▶ [Activity]:
Your task is to copy every line of the entries that holds the word "ordering".

▶ [Input data]:

(* Let $\mathcal T$ be a good triangulation of $\mathcal C_G$ and let $S$ be any simplex of $\mathcal T$. Then the graph $(V,D(S))$ contains no cycle, i.e. there is no cycle of double edges.
   Context: For a finite undirected multigraph $G=(V,E)$ (loops, parallel edges and isolated nodes allowed) with $n=|V|$, $m=|E|$, work in $\mathbb{R}^V\times\mathbb{R}^E\cong\mathbb{R}^{n+m}$ with standard basis vectors $e_u$ ($u\in V$), $e_f$ ($f\in E$). Fix for each edge $f$ an ordering $(u,v)$ of its endpoints ($u=v$ for a loop) and set $\widetilde e_f=e_u+e_v-e_f$, $\overleftarrow e_f=e_u-e_v+e_f$, $\overrightarrow e_f=-e_u+e_v+e_f$ (so for a loop $\overleftarrow e_f=\overrightarrow e_f=e_f$). The cosmological polytope $\mathcal C_G$ is the convex hull of $\{e_f,\widetilde e_f,\overleftarrow e_f,\overrightarrow e_f: f\in E\}\cup\{e_u: u\in V\}$; these are exactly its lattice points, and it is an $(n+m-1)$-dimensional polytope in the hyperplane $\sum_i x_i=1$. A good triangulation of $\mathcal C_G$ is a regular triangulation (induced by a height function on the lattice points of $\mathcal C_G$) whose vertex set is the set of all lattice points of $\mathcal C_G$ and which contains the standard simplex $\mathrm{conv}\{e_u,e_f: u\in V, f\in E\}$ as a maximal cell; simplices are identified with their vertex sets. For a simplex $S\in\mathcal T$: the selected nodes are $V(S)=\{u\in V: e_u\in S\}$; the squiggly edges $\widetilde E(S)=\{f:\widetilde e_f\in S\}$; the selected edges $\widehat E(S)=\{f: e_f\in S\}$; for non-loop edges $f$, $f\in\overleftarrow E(S)$ iff $\overleftarrow e_f\in S$ and $f\in\overrightarrow E(S)$ iff $\overrightarrow e_f\in S$ (loops are never in $\overleftarrow E(S)\cup\overrightarrow E(S)$); the double edges are $D(S)=(\overleftarrow E(S)\cup\overrightarrow E(S))\cap\widehat E(S)$. *)

theory Defs
  imports Complex_Main
begin

text \<open>Multigraph: vertex set V, edge set E, and for each edge f a fixed ordering
  ends f = (u, v) of its endpoints (u = v for a loop).  Points of
  R^V x R^E are functions ('v + 'e) => real supported on V <+> E.\<close>

type_synonym ('v, 'e) pt = "('v + 'e) \<Rightarrow> real"

definition unitv :: "'v \<Rightarrow> ('v, 'e) pt" where
  "unitv u = (\<lambda>i. if i = Inl u then 1 else 0)"

definition unite :: "'e \<Rightarrow> ('v, 'e) pt" where
  "unite f = (\<lambda>i. if i = Inr f then 1 else 0)"

definition tilde_pt :: "('e \<Rightarrow> 'v \<times> 'v) \<Rightarrow> 'e \<Rightarrow> ('v, 'e) pt" where
  "tilde_pt ends f = (\<lambda>i. unitv (fst (ends f)) i + unitv (snd (ends f)) i - unite f i)"

definition left_pt :: "('e \<Rightarrow> 'v \<times> 'v) \<Rightarrow> 'e \<Rightarrow> ('v, 'e) pt" where
  "left_pt ends f = (\<lambda>i. unitv (fst (ends f)) i - unitv (snd (ends f)) i + unite f i)"

definition right_pt :: "('e \<Rightarrow> 'v \<times> 'v) \<Rightarrow> 'e \<Rightarrow> ('v, 'e) pt" where
  "right_pt ends f = (\<lambda>i. - unitv (fst (ends f)) i + unitv (snd (ends f)) i + unite f i)"

definition cosmo_points :: "'v set \<Rightarrow> 'e set \<Rightarrow> ('e \<Rightarrow> 'v \<times> 'v) \<Rightarrow> ('v, 'e) pt set" where
  "cosmo_points V E ends =
     unitv ` V \<union> unite ` E \<union> tilde_pt ends ` E \<union> left_pt ends ` E \<union> right_pt ends ` E"

text \<open>Standard simplex conv{e_u, e_f}, identified with its vertex set.\<close>
definition std_simplex :: "'v set \<Rightarrow> 'e set \<Rightarrow> ('v, 'e) pt set" where
  "std_simplex V E = unitv ` V \<union> unite ` E"

definition lin_form :: "'v set \<Rightarrow> 'e set \<Rightarrow> ('v, 'e) pt \<Rightarrow> ('v, 'e) pt \<Rightarrow> real" where
  "lin_form V E w a = (\<Sum>i\<in>V <+> E. w i * a i)"

text \<open>Cells (faces of all dimensions) of the regular subdivision of the point set A
  induced by the height function h: the sets of points whose lifts lie on a lower
  face of the lifted configuration.\<close>
definition regular_cell ::
  "'v set \<Rightarrow> 'e set \<Rightarrow> ('v, 'e) pt set \<Rightarrow> (('v, 'e) pt \<Rightarrow> real) \<Rightarrow> ('v, 'e) pt set \<Rightarrow> bool" where
  "regular_cell V E A h \<sigma> \<longleftrightarrow> \<sigma> \<subseteq> A \<and>
     (\<exists>c w. (\<forall>a\<in>\<sigma>. c + lin_form V E w a = h a) \<and> (\<forall>a\<in>A - \<sigma>. c + lin_form V E w a < h a))"

definition aff_indep_pts :: "'v set \<Rightarrow> 'e set \<Rightarrow> ('v, 'e) pt set \<Rightarrow> bool" where
  "aff_indep_pts V E \<sigma> \<longleftrightarrow> finite \<sigma> \<and>
     (\<forall>coef::('v, 'e) pt \<Rightarrow> real. (\<Sum>a\<in>\<sigma>. coef a) = 0 \<and> (\<forall>i\<in>V <+> E. (\<Sum>a\<in>\<sigma>. coef a * a i) = 0)
        \<longrightarrow> (\<forall>a\<in>\<sigma>. coef a = 0))"

definition good_triangulation ::
  "'v set \<Rightarrow> 'e set \<Rightarrow> ('e \<Rightarrow> 'v \<times> 'v) \<Rightarrow> ('v, 'e) pt set set \<Rightarrow> bool" where
  "good_triangulation V E ends T \<longleftrightarrow>
     (\<exists>h. T = {\<sigma>. regular_cell V E (cosmo_points V E ends) h \<sigma>}) \<and>
     (\<forall>\<sigma>\<in>T. aff_indep_pts V E \<sigma>) \<and>
     (\<forall>a\<in>cosmo_points V E ends. \<exists>\<sigma>\<in>T. a \<in> \<sigma>) \<and>
     std_simplex V E \<in> T \<and>
     (\<forall>\<sigma>\<in>T. std_simplex V E \<subseteq> \<sigma> \<longrightarrow> \<sigma> = std_simplex V E)"

definition double_edges ::
  "'e set \<Rightarrow> ('e \<Rightarrow> 'v \<times> 'v) \<Rightarrow> ('v, 'e) pt set \<Rightarrow> 'e set" where
  "double_edges E ends S = {f\<in>E. fst (ends f) \<noteq> snd (ends f) \<and>
       (left_pt ends f \<in> S \<or> right_pt ends f \<in> S) \<and> unite f \<in> S}"

definition joins :: "('e \<Rightarrow> 'v \<times> 'v) \<Rightarrow> 'e \<Rightarrow> 'v \<Rightarrow> 'v \<Rightarrow> bool" where
  "joins ends f x y \<longleftrightarrow> {fst (ends f), snd (ends f)} = {x, y}"

text \<open>A cycle in the multigraph with edge set F: distinct vertices v_0..v_{k-1},
  distinct edges f_0..f_{k-1} (k >= 1) with f_i joining v_i and v_{i+1 mod k}.
  (Two parallel edges form a cycle of length 2; a loop one of length 1.)\<close>
definition has_cycle :: "('e \<Rightarrow> 'v \<times> 'v) \<Rightarrow> 'v set \<Rightarrow> 'e set \<Rightarrow> bool" where
  "has_cycle ends V F \<longleftrightarrow> (\<exists>vs es. length vs = length es \<and> length es \<ge> 1 \<and>
      distinct vs \<and> distinct es \<and> set vs \<subseteq> V \<and> set es \<subseteq> F \<and>
      (\<forall>i<length es. joins ends (es ! i) (vs ! i) (vs ! ((i + 1) mod length vs))))"

end

theory Submission
  imports Defs
begin

text \<open>For a non-loop edge f = uv the points e_u - e_v + e_f and -e_u + e_v + e_f differ from
  e_f by \<plusminus>(e_u - e_v).  Along a cycle of double edges these differences telescope to zero,
  so suitably signed differences of points of the simplex S sum to zero: an affine dependence
  among the vertices of S, which contradicts S being a simplex.\<close>

lemma left_right_pt_minus_unite:
  assumes "fst (ends f) \<noteq> snd (ends f)" and "joins ends f x y"
    and "p = left_pt ends f \<or> p = right_pt ends f"
  shows "\<exists>c\<in>{1, -1::real}. \<forall>j. p j - unite f j = c * (unitv x j - unitv y j)"
proof -
  from assms(1,2) have "ends f = (x, y) \<or> ends f = (y, x)"
    unfolding joins_def by (metis doubleton_eq_iff prod.collapse)
  with assms(3) show ?thesis
    by (elim disjE) (force simp: left_pt_def right_pt_def)+
qed

lemma left_right_pt_ne_unite:
  assumes "fst (ends f) \<noteq> snd (ends f)" and "p = left_pt ends f \<or> p = right_pt ends f"
  shows "p \<noteq> unite g"
proof
  assume "p = unite g"
  then have "p (Inl (fst (ends f))) = unite g (Inl (fst (ends f)))" by simp
  with assms show False
    by (auto simp: left_pt_def right_pt_def unite_def unitv_def)
qed

lemma unite_eq_iff: "(unite f :: ('v, 'e) pt) = unite g \<longleftrightarrow> f = g"
  unfolding unite_def fun_eq_iff by (metis sum.inject(2) zero_neq_one)

lemma sum_lessThan_rotate:
  fixes g :: "nat \<Rightarrow> 'a::comm_monoid_add"
  assumes "0 < k"
  shows "(\<Sum>i<k. g ((i + 1) mod k)) = (\<Sum>i<k. g i)"
proof -
  obtain m where k: "k = Suc m" using assms by (cases k) auto
  have "(\<Sum>i<Suc m. g ((i + 1) mod Suc m)) = (\<Sum>i<m. g ((i + 1) mod Suc m)) + g 0"
    by (simp add: sum.lessThan_Suc)
  also have "(\<Sum>i<m. g ((i + 1) mod Suc m)) = (\<Sum>i<m. g (Suc i))"
    by (rule sum.cong) auto
  also have "\<dots> + g 0 = (\<Sum>i<Suc m. g i)"
    by (subst sum.lessThan_Suc_shift) (simp add: add.commute)
  finally show ?thesis using k by simp
qed

lemma sum_cyclic_differences:
  fixes g :: "nat \<Rightarrow> 'a::ab_group_add"
  assumes "0 < k"
  shows "(\<Sum>i<k. g i - g ((i + 1) mod k)) = 0"
  using sum_lessThan_rotate[OF assms, of g] by (simp add: sum_subtractf)

lemma sum_point_weights:
  fixes g :: "'a \<Rightarrow> 'b::comm_ring"
  assumes "finite \<sigma>" and "\<forall>i<k. p i \<in> \<sigma>"
  shows "(\<Sum>a\<in>\<sigma>. (\<Sum>i<k. if a = p i then c i else 0) * g a) = (\<Sum>i<k. c i * g (p i))"
proof -
  have "(\<Sum>a\<in>\<sigma>. (\<Sum>i<k. if a = p i then c i else 0) * g a)
      = (\<Sum>i<k. \<Sum>a\<in>\<sigma>. if a = p i then c i * g a else 0)"
    by (simp add: sum_distrib_right if_distrib[of "\<lambda>x. x * _"] cong: if_cong) (rule sum.swap)
  also have "\<dots> = (\<Sum>i<k. c i * g (p i))"
    using assms by (intro sum.cong) (auto simp: sum.delta' cong: if_cong)
  finally show ?thesis .
qed

lemma not_aff_indep_pts_if_differences_cancel:
  fixes p q :: "nat \<Rightarrow> ('v, 'e) pt" and c :: "nat \<Rightarrow> real"
  assumes "\<forall>i<k. p i \<in> \<sigma> \<and> q i \<in> \<sigma>" and "0 < k"
    and "\<forall>i<k. q 0 \<noteq> p i" and "\<forall>i<k. q i = q 0 \<longrightarrow> i = 0" and "c 0 \<noteq> 0"
    and "\<forall>j. (\<Sum>i<k. c i * (p i j - q i j)) = 0"
  shows "\<not> aff_indep_pts V E \<sigma>"
proof
  assume indep: "aff_indep_pts V E \<sigma>"
  then have fin: "finite \<sigma>" unfolding aff_indep_pts_def by blast
  define coef where
    "coef a = (\<Sum>i<k. if a = p i then c i else 0) - (\<Sum>i<k. if a = q i then c i else 0)" for a
  have weights: "(\<Sum>a\<in>\<sigma>. coef a * g a) = (\<Sum>i<k. c i * (g (p i) - g (q i)))"
    for g :: "('v, 'e) pt \<Rightarrow> real"
    using sum_point_weights[OF fin, of k p c g] sum_point_weights[OF fin, of k q c g] assms(1)
    by (simp add: coef_def left_diff_distrib sum_subtractf right_diff_distrib)
  have "(\<Sum>a\<in>\<sigma>. coef a) = 0"
    using weights[of "\<lambda>_. 1"] by simp
  moreover have "(\<Sum>a\<in>\<sigma>. coef a * a j) = 0" for j
    using weights[of "\<lambda>a. a j"] assms(6) by simp
  moreover have "coef (q 0) = - c 0"
  proof -
    have "(\<Sum>i<k. if q 0 = q i then c i else 0) = (\<Sum>i<k. if i = 0 then c i else 0)"
      using assms(4) by (intro sum.cong) auto
    with assms(2,3) show ?thesis by (simp add: coef_def)
  qed
  ultimately show False
    using indep assms(1,2,5) unfolding aff_indep_pts_def by fastforce
qed

lemma sum_signed_cyclic_differences:
  fixes c d g :: "nat \<Rightarrow> real"
  assumes "0 < k" and "\<forall>i<k. c i \<in> {1, -1} \<and> d i = c i * (g i - g ((i + 1) mod k))"
  shows "(\<Sum>i<k. c i * d i) = 0"
proof -
  have "(\<Sum>i<k. c i * d i) = (\<Sum>i<k. g i - g ((i + 1) mod k))"
    using assms(2) by (intro sum.cong) auto
  with sum_cyclic_differences[OF assms(1)] show ?thesis by simp
qed

lemma double_edge_cycle_not_aff_indep:
  fixes es :: "'e list" and S :: "('v, 'e) pt set"
  assumes "length vs = length es" and "0 < length es" and "distinct es"
    and "set es \<subseteq> double_edges E ends S"
    and "\<forall>i<length es. joins ends (es ! i) (vs ! i) (vs ! ((i + 1) mod length es))"
  shows "\<not> aff_indep_pts V E S"
proof -
  define k where "k = length es"
  have k: "0 < k" using assms(2) unfolding k_def .
  define r where "r i = (if left_pt ends (es ! i) \<in> S then left_pt ends (es ! i)
    else right_pt ends (es ! i))" for i
  have r: "r i = left_pt ends (es ! i) \<or> r i = right_pt ends (es ! i)" for i
    unfolding r_def by auto
  have edge: "fst (ends (es ! i)) \<noteq> snd (ends (es ! i)) \<and> r i \<in> S \<and> unite (es ! i) \<in> S"
    if "i < k" for i
    using assms(4) nth_mem[OF that[unfolded k_def]] unfolding double_edges_def r_def by auto
  obtain c where c: "\<And>i. i < k \<Longrightarrow> c i \<in> {1, -1} \<and>
      (\<forall>j. r i j - unite (es ! i) j = c i * (unitv (vs ! i) j - unitv (vs ! ((i + 1) mod k)) j))"
    using left_right_pt_minus_unite[OF conjunct1[OF edge] assms(5)[rule_format] r]
    unfolding k_def by metis
  have "\<forall>j. (\<Sum>i<k. c i * (r i j - unite (es ! i) j)) = 0"
    using c by (intro allI sum_signed_cyclic_differences[OF k]) auto
  moreover have "\<forall>i<k. unite (es ! 0) \<noteq> r i"
    using left_right_pt_ne_unite[OF _ r] edge by metis
  moreover have "\<forall>i<k. unite (es ! i) = (unite (es ! 0) :: ('v, 'e) pt) \<longrightarrow> i = 0"
    using assms(3) k by (simp add: unite_eq_iff nth_eq_iff_index_eq k_def)
  moreover have "c 0 \<noteq> 0"
    using c[OF k] by auto
  ultimately show ?thesis
    using edge k
    by (intro not_aff_indep_pts_if_differences_cancel[where q = "\<lambda>i. unite (es ! i)"]) auto
qed

theorem mainTheorem4:
  fixes V :: "'v set" and E :: "'e set" and ends :: "'e \<Rightarrow> 'v \<times> 'v"
    and T :: "('v, 'e) pt set set" and S :: "('v, 'e) pt set"
  assumes "finite V" and "finite E"
    and "\<forall>f\<in>E. fst (ends f) \<in> V \<and> snd (ends f) \<in> V"
    and "good_triangulation V E ends T"
    and "S \<in> T"
  shows "\<not> has_cycle ends V (double_edges E ends S)"
proof
  assume "has_cycle ends V (double_edges E ends S)"
  then obtain vs es where "length vs = length es" "1 \<le> length es" "distinct es"
    "set es \<subseteq> double_edges E ends S"
    "\<forall>i<length es. joins ends (es ! i) (vs ! i) (vs ! ((i + 1) mod length vs))"
    unfolding has_cycle_def by blast
  then have "\<not> aff_indep_pts V E S"
    by (intro double_edge_cycle_not_aff_indep[of vs es]) auto
  then show False
    using assms(4,5) unfolding good_triangulation_def by blast
qed

end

▶ [Output of the exercise]:
   Context: For a finite undirected multigraph $G=(V,E)$ (loops, parallel edges and isolated nodes allowed) with $n=|V|$, $m=|E|$, work in $\mathbb{R}^V\times\mathbb{R}^E\cong\mathbb{R}^{n+m}$ with standard basis vectors $e_u$ ($u\in V$), $e_f$ ($f\in E$). Fix for each edge $f$ an ordering $(u,v)$ of its endpoints ($u=v$ for a loop) and set $\widetilde e_f=e_u+e_v-e_f$, $\overleftarrow e_f=e_u-e_v+e_f$, $\overrightarrow e_f=-e_u+e_v+e_f$ (so for a loop $\overleftarrow e_f=\overrightarrow e_f=e_f$). The cosmological polytope $\mathcal C_G$ is the convex hull of $\{e_f,\widetilde e_f,\overleftarrow e_f,\overrightarrow e_f: f\in E\}\cup\{e_u: u\in V\}$; these are exactly its lattice points, and it is an $(n+m-1)$-dimensional polytope in the hyperplane $\sum_i x_i=1$. A good triangulation of $\mathcal C_G$ is a regular triangulation (induced by a height function on the lattice points of $\mathcal C_G$) whose vertex set is the set of all lattice points of $\mathcal C_G$ and which contains the standard simplex $\mathrm{conv}\{e_u,e_f: u\in V, f\in E\}$ as a maximal cell; simplices are identified with their vertex sets. For a simplex $S\in\mathcal T$: the selected nodes are $V(S)=\{u\in V: e_u\in S\}$; the squiggly edges $\widetilde E(S)=\{f:\widetilde e_f\in S\}$; the selected edges $\widehat E(S)=\{f: e_f\in S\}$; for non-loop edges $f$, $f\in\overleftarrow E(S)$ iff $\overleftarrow e_f\in S$ and $f\in\overrightarrow E(S)$ iff $\overrightarrow e_f\in S$ (loops are never in $\overleftarrow E(S)\cup\overrightarrow E(S)$); the double edges are $D(S)=(\overleftarrow E(S)\cup\overrightarrow E(S))\cap\widehat E(S)$. *)
text \<open>Multigraph: vertex set V, edge set E, and for each edge f a fixed ordering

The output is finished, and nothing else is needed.